Tunnel vision
Country Life UK|May 13, 2020
The Private Gardens at Petworth House, West Sussex The home of Lord and Lady Egremont The making of a secluded garden within the landscaped acres has been managed with great charm and panache, reveals Non Morris
Non Morris
Tunnel vision

WHEN Caroline Nelson married novelist and biographer Max, 2nd Baron Egremont, in 1978 and came to live at Petworth House, she knew little about gardening. She was, however, clear that she wanted both to celebrate the extraordinary position of their garden on the private side of the 17th-century house and to create a sense of privacy and intimacy.

‘At night when I look out onto the park, I can see the deer snoozing below my window,’ she says of the view over 700 acres of Capability Brown parkland. Stands of oak and a glittering stretch of lake extend right up to the house, with only the slimmest of terraces and a rounded bastion-shaped ha-ha to separate public from private.

‘The scale of everything here has been very influential. The vast landscape that reaches out from the house as far as the eye can see comes right up to the windows, but the real garden, the walled flowery garden, is out of sight 250 yards away.
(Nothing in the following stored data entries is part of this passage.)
(* Let $\alpha,\beta,\gamma\in\mathbb R$ with $\gamma>0$ and $\alpha\beta>0$. Then $z\mapsto F(\alpha,\beta;\gamma;z)-1$ is strictly increasing on $[0,1)$.
   Context: $F(\alpha,\beta;\gamma;z)=\sum_{n=0}^{\infty}\frac{(\alpha)_n(\beta)_n}{(\gamma)_n\,n!}z^n$ for $|z|<1$ is the Gauss hypergeometric function, where $(x)_n=x(x+1)\cdots(x+n-1)$ and $(x)_0=1$ (defined for $\gamma\notin\mathbb Z_{\le0}$). *)

theory Defs
  imports "HOL-Analysis.Analysis"
begin

text \<open>Gauss hypergeometric function F(a,b;c;z), defined by its power series
  (meaningful for |z| < 1 and c not a non-positive integer).\<close>
definition hyp2F1 :: "real \<Rightarrow> real \<Rightarrow> real \<Rightarrow> real \<Rightarrow> real" where
  "hyp2F1 a b c z =
     (\<Sum>n. (pochhammer a n * pochhammer b n) / (pochhammer c n * fact n) * z ^ n)"

end

theory Submission
  imports Defs "HOL-Real_Asymp.Real_Asymp"
begin

text \<open>The derivative of \<open>F(a,b;c;z)\<close> is \<open>(a b / c) F(a+1,b+1;c+1;z)\<close>, and \<open>a b / c > 0\<close>,
  so it suffices that \<open>F(a,b;c;z) > 0\<close> on \<open>[0,1)\<close> whenever \<open>c \<ge> 1\<close> and \<open>a, b < c\<close>.
  For \<open>a, b \<ge> 0\<close> all coefficients are nonnegative. Otherwise, say \<open>b < 0\<close>, the contiguous relation
  \<open>F(a,b;c;z) = (1-z) F(a,b+1;c;z) + ((c-a) z / c) F(a,b+1;c+1;z)\<close> has nonnegative weights
  and raises \<open>b\<close> by one, so induction on \<open>\<lceil>-a\<rceil> + \<lceil>-b\<rceil>\<close> closes the argument.\<close>

definition hyp2F1_coeff :: "real \<Rightarrow> real \<Rightarrow> real \<Rightarrow> nat \<Rightarrow> real" where
  "hyp2F1_coeff a b c n = pochhammer a n * pochhammer b n / (pochhammer c n * fact n)"

lemma hyp2F1_eq_suminf: "hyp2F1 a b c z = (\<Sum>n. hyp2F1_coeff a b c n * z ^ n)"
  by (simp add: hyp2F1_def hyp2F1_coeff_def)

lemma hyp2F1_commute: "hyp2F1 a b c z = hyp2F1 b a c z"
  by (simp add: hyp2F1_def mult.commute)

lemma hyp2F1_coeff_0 [simp]: "hyp2F1_coeff a b c 0 = 1"
  by (simp add: hyp2F1_coeff_def)

text \<open>This recurrence, and with it summability and termwise differentiation, needs no hypothesis
  on \<open>c\<close>: if some \<open>c + k = 0\<close>, both sides vanish because \<open>x / 0 = 0\<close>.\<close>

lemma hyp2F1_coeff_Suc:
  "hyp2F1_coeff a b c (Suc n) = hyp2F1_coeff a b c n * ((a + n) * (b + n) / ((c + n) * (real n + 1)))"
  by (simp add: hyp2F1_coeff_def pochhammer_Suc fact_Suc field_simps)

lemma summable_hyp2F1_series:
  assumes "\<bar>z\<bar> < 1"
  shows "summable (\<lambda>n. hyp2F1_coeff a b c n * z ^ n)"
proof -
  define q where "q n = (a + n) * (b + n) / ((c + n) * (real n + 1)) * z" for n :: nat
  define r where "r = (1 + \<bar>z\<bar>) / 2"
  have "(\<lambda>n. (a + n) * (b + n) / ((c + n) * (real n + 1))) \<longlonglongrightarrow> 1"
    by real_asymp
  then have "(\<lambda>n. \<bar>q n\<bar>) \<longlonglongrightarrow> \<bar>1 * z\<bar>"
    unfolding q_def by (intro tendsto_intros)
  moreover have "\<bar>1 * z\<bar> < r" using assms by (simp add: r_def)
  ultimately have "eventually (\<lambda>n. \<bar>q n\<bar> < r) sequentially"
    by (rule order_tendstoD(2))
  then obtain N where N: "\<And>n. n \<ge> N \<Longrightarrow> \<bar>q n\<bar> < r"
    by (auto simp: eventually_sequentially)
  show ?thesis
  proof (rule summable_ratio_test)
    show "r < 1" using assms by (simp add: r_def)
    fix n assume "n \<ge> N"
    have "hyp2F1_coeff a b c (Suc n) * z ^ Suc n = q n * (hyp2F1_coeff a b c n * z ^ n)"
      by (simp add: hyp2F1_coeff_Suc q_def)
    then have "norm (hyp2F1_coeff a b c (Suc n) * z ^ Suc n)
        = \<bar>q n\<bar> * norm (hyp2F1_coeff a b c n * z ^ n)"
      by (simp only: real_norm_def abs_mult)
    also have "\<dots> \<le> r * norm (hyp2F1_coeff a b c n * z ^ n)"
      using N[OF \<open>n \<ge> N\<close>] by (intro mult_right_mono) auto
    finally show "norm (hyp2F1_coeff a b c (Suc n) * z ^ Suc n)
        \<le> r * norm (hyp2F1_coeff a b c n * z ^ n)" .
  qed
qed

lemma diffs_hyp2F1_coeff:
  "diffs (hyp2F1_coeff a b c) n = a * b / c * hyp2F1_coeff (a + 1) (b + 1) (c + 1) n"
proof -
  have "diffs (hyp2F1_coeff a b c) n =
      (a * b * (pochhammer (a + 1) n * pochhammer (b + 1) n)) * (real n + 1)
      / ((c * (pochhammer (c + 1) n * fact n)) * (real n + 1))"
    by (simp add: diffs_def hyp2F1_coeff_def pochhammer_rec fact_Suc algebra_simps)
  then show ?thesis
    by (simp add: hyp2F1_coeff_def)
qed

lemma has_field_derivative_hyp2F1:
  assumes "\<bar>z\<bar> < 1"
  shows "(hyp2F1 a b c has_field_derivative a * b / c * hyp2F1 (a + 1) (b + 1) (c + 1) z) (at z)"
proof -
  have "((\<lambda>z. \<Sum>n. hyp2F1_coeff a b c n * z ^ n) has_field_derivative
          (\<Sum>n. diffs (hyp2F1_coeff a b c) n * z ^ n)) (at z)"
    using assms summable_hyp2F1_series by (intro termdiffs_strong'[where K = 1]) auto
  moreover have "(\<Sum>n. diffs (hyp2F1_coeff a b c) n * z ^ n)
      = a * b / c * hyp2F1 (a + 1) (b + 1) (c + 1) z"
    unfolding diffs_hyp2F1_coeff hyp2F1_eq_suminf mult.assoc
    using assms summable_hyp2F1_series by (intro suminf_mult)
  ultimately show ?thesis
    by (simp add: hyp2F1_eq_suminf[abs_def])
qed

lemma hyp2F1_coeff_contiguous:
  assumes "c > 0"
  shows "hyp2F1_coeff a b c (Suc n) = hyp2F1_coeff a (b + 1) c (Suc n) - hyp2F1_coeff a (b + 1) c n
    + (c - a) / c * hyp2F1_coeff a (b + 1) (c + 1) n"
proof -
  define K where "K = hyp2F1_coeff a (b + 1) c n"
  have lowered: "hyp2F1_coeff a b c (Suc n) = K * ((a + n) * b / ((c + n) * (real n + 1)))"
    by (simp add: K_def hyp2F1_coeff_def pochhammer_Suc[of a] pochhammer_Suc[of c]
        pochhammer_rec[of b] fact_Suc field_simps)
  have shifted: "hyp2F1_coeff a (b + 1) c (Suc n) = K * ((a + n) * (b + 1 + n) / ((c + n) * (real n + 1)))"
    by (simp add: K_def hyp2F1_coeff_Suc add_ac)
  have "pochhammer (c + 1) n = pochhammer c n * (c + n) / c"
    using assms pochhammer_rec[of c n] pochhammer_Suc[of c n] by (simp add: field_simps)
  then have raised: "hyp2F1_coeff a (b + 1) (c + 1) n = K * (c / (c + n))"
    by (simp add: K_def hyp2F1_coeff_def)
  have "c + n \<noteq> 0" "real n + 1 \<noteq> 0" "c \<noteq> 0" using assms by auto
  then have ratio: "(a + n) * b / ((c + n) * (real n + 1))
      = (a + n) * (b + 1 + n) / ((c + n) * (real n + 1)) - 1 + (c - a) / c * (c / (c + n))"
    by (simp add: divide_simps) (simp add: algebra_simps)
  show ?thesis
    unfolding lowered shifted raised K_def[symmetric] ratio by (simp add: algebra_simps)
qed

lemma hyp2F1_contiguous:
  assumes "c > 0" "\<bar>z\<bar> < 1"
  shows "hyp2F1 a b c z
    = (1 - z) * hyp2F1 a (b + 1) c z + (c - a) * z / c * hyp2F1 a (b + 1) (c + 1) z"
proof -
  define u where "u n = hyp2F1_coeff a (b + 1) c n * z ^ n" for n
  define v where "v n = hyp2F1_coeff a (b + 1) (c + 1) n * z ^ n" for n
  have u: "u sums hyp2F1 a (b + 1) c z" and v: "v sums hyp2F1 a (b + 1) (c + 1) z"
    unfolding u_def v_def hyp2F1_eq_suminf using assms(2) summable_hyp2F1_series
    by (blast intro: summable_sums)+
  have u_Suc: "(\<lambda>n. u (Suc n)) sums (hyp2F1 a (b + 1) c z - 1)"
    using u by (subst sums_Suc_iff) (simp add: u_def)
  have "(\<lambda>n. u (Suc n) - z * u n + (c - a) * z / c * v n) sums
      (hyp2F1 a (b + 1) c z - 1 - z * hyp2F1 a (b + 1) c z + (c - a) * z / c * hyp2F1 a (b + 1) (c + 1) z)"
    by (rule sums_add[OF sums_diff[OF u_Suc sums_mult[OF u]] sums_mult[OF v]])
  moreover have "u (Suc n) - z * u n + (c - a) * z / c * v n
      = hyp2F1_coeff a b c (Suc n) * z ^ Suc n" for n
    unfolding u_def v_def hyp2F1_coeff_contiguous[OF assms(1), of a b n] by (simp add: algebra_simps)
  ultimately have "(\<lambda>n. hyp2F1_coeff a b c (Suc n) * z ^ Suc n) sums
      (hyp2F1 a (b + 1) c z - 1 - z * hyp2F1 a (b + 1) c z + (c - a) * z / c * hyp2F1 a (b + 1) (c + 1) z)"
    by simp
  then have "(\<lambda>n. hyp2F1_coeff a b c n * z ^ n) sums
      (hyp2F1 a (b + 1) c z - 1 - z * hyp2F1 a (b + 1) c z + (c - a) * z / c * hyp2F1 a (b + 1) (c + 1) z + 1)"
    by (subst (asm) sums_Suc_iff) simp
  then show ?thesis
    unfolding hyp2F1_eq_suminf[of a b c] by (simp add: sums_iff algebra_simps)
qed

lemma hyp2F1_pos_of_nonneg:
  assumes "0 \<le> a" "0 \<le> b" "0 < c" "0 \<le> z" "z < 1"
  shows "0 < hyp2F1 a b c z"
  unfolding hyp2F1_eq_suminf
proof (rule suminf_pos2[of _ 0])
  show "summable (\<lambda>n. hyp2F1_coeff a b c n * z ^ n)"
    using assms by (intro summable_hyp2F1_series) simp
  have "0 \<le> pochhammer x n" if "0 \<le> x" for x :: real and n
    using that by (induction n) (simp_all add: pochhammer_Suc)
  then show "0 \<le> hyp2F1_coeff a b c n * z ^ n" for n
    using assms pochhammer_pos[of c n] by (simp add: hyp2F1_coeff_def)
qed simp

lemma hyp2F1_pos_of_raised_pos:
  assumes "0 < c" "a < c" "0 \<le> z" "z < 1"
    and "0 < hyp2F1 a (b + 1) c z" "0 < hyp2F1 a (b + 1) (c + 1) z"
  shows "0 < hyp2F1 a b c z"
proof -
  have "0 < (1 - z) * hyp2F1 a (b + 1) c z" using assms by simp
  moreover have "0 \<le> (c - a) * z / c * hyp2F1 a (b + 1) (c + 1) z" using assms by simp
  moreover have "hyp2F1 a b c z
      = (1 - z) * hyp2F1 a (b + 1) c z + (c - a) * z / c * hyp2F1 a (b + 1) (c + 1) z"
    using assms by (intro hyp2F1_contiguous) auto
  ultimately show ?thesis
    by linarith
qed

lemma hyp2F1_pos:
  assumes "1 \<le> c" "a < c" "b < c" "0 \<le> z" "z < 1"
  shows "0 < hyp2F1 a b c z"
  using assms(1-3)
proof (induction "nat \<lceil>-a\<rceil> + nat \<lceil>-b\<rceil>" arbitrary: a b c rule: less_induct)
  case less
  have decrease: "nat \<lceil>-(x + 1)\<rceil> < nat \<lceil>-x\<rceil>" if "x < 0" for x :: real
  proof -
    have "-(x + 1) = -x - 1" by simp
    then have "\<lceil>-(x + 1)\<rceil> = \<lceil>-x\<rceil> - 1" by simp
    moreover have "0 < \<lceil>-x\<rceil>" using that by simp
    ultimately show ?thesis by simp
  qed
  consider "b < 0" | "a < 0" | "0 \<le> a" "0 \<le> b" by linarith
  then show ?case
  proof cases
    case 1
    have "0 < hyp2F1 a (b + 1) c' z" if "c' \<in> {c, c + 1}" for c'
      using less.prems decrease[of b] 1 that by (intro less.hyps) auto
    then show ?thesis
      using less.prems assms(4,5) by (intro hyp2F1_pos_of_raised_pos[where b = b]) auto
  next
    case 2
    have "0 < hyp2F1 b (a + 1) c' z" if "c' \<in> {c, c + 1}" for c'
      using less.prems decrease[of a] 2 that by (intro less.hyps) auto
    then have "0 < hyp2F1 b a c z"
      using less.prems assms(4,5) by (intro hyp2F1_pos_of_raised_pos[where b = a]) auto
    then show ?thesis
      by (simp add: hyp2F1_commute)
  next
    case 3
    then show ?thesis
      using less.prems assms(4,5) by (intro hyp2F1_pos_of_nonneg) auto
  qed
qed

theorem corollary4p6:
  fixes \<alpha> \<beta> \<gamma> :: real
  assumes "\<gamma> > 0" and "\<alpha> * \<beta> > 0"
  shows "strict_mono_on {0..<1} (\<lambda>z. hyp2F1 \<alpha> \<beta> \<gamma> z - 1)"
proof (rule strict_mono_onI)
  have raised_pos: "0 < hyp2F1 (\<alpha> + 1) (\<beta> + 1) (\<gamma> + 1) t" if "0 \<le> t" "t < 1" for t
  proof (cases "\<alpha> > 0")
    case True
    with assms(2) have "\<beta> > 0" by (simp add: zero_less_mult_iff)
    with True that assms(1) show ?thesis by (intro hyp2F1_pos_of_nonneg) auto
  next
    case False
    with assms(2) have "\<alpha> < 0" "\<beta> < 0" by (auto simp: zero_less_mult_iff)
    with that assms(1) show ?thesis by (intro hyp2F1_pos) auto
  qed
  fix x y :: real assume "x \<in> {0..<1}" "y \<in> {0..<1}" "x < y"
  have "hyp2F1 \<alpha> \<beta> \<gamma> x < hyp2F1 \<alpha> \<beta> \<gamma> y"
  proof (rule DERIV_pos_imp_increasing[OF \<open>x < y\<close>])
    fix t assume "x \<le> t" "t \<le> y"
    with \<open>x \<in> {0..<1}\<close> \<open>y \<in> {0..<1}\<close> have "0 \<le> t" "t < 1" by auto
    then show "\<exists>d. DERIV (hyp2F1 \<alpha> \<beta> \<gamma>) t :> d \<and> 0 < d"
      using has_field_derivative_hyp2F1[of t \<alpha> \<beta> \<gamma>] raised_pos[of t] assms by auto
  qed
  then show "hyp2F1 \<alpha> \<beta> \<gamma> x - 1 < hyp2F1 \<alpha> \<beta> \<gamma> y - 1"
    by simp
qed

end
I wanted to give the sense of the park sweeping over the ha-ha onto the South Lawn and to make here a garden of simple walks, vistas and green glades.’

Caroline became friends with the garden writer Laurence Fleming when he came to Petworth to film for a series called The English Garden with Sir John Gielgud. Together, they started to think about ways to soften this part of the garden. ‘It looked a bit like a golf course crossed by a wide gravel path like a drive. My mother-in-law used to back her Jaguar down to a turning circle by the William Kent urn and drive across the lawn to load up with fruit and flowers from the kitchen garden to take to her house in London.’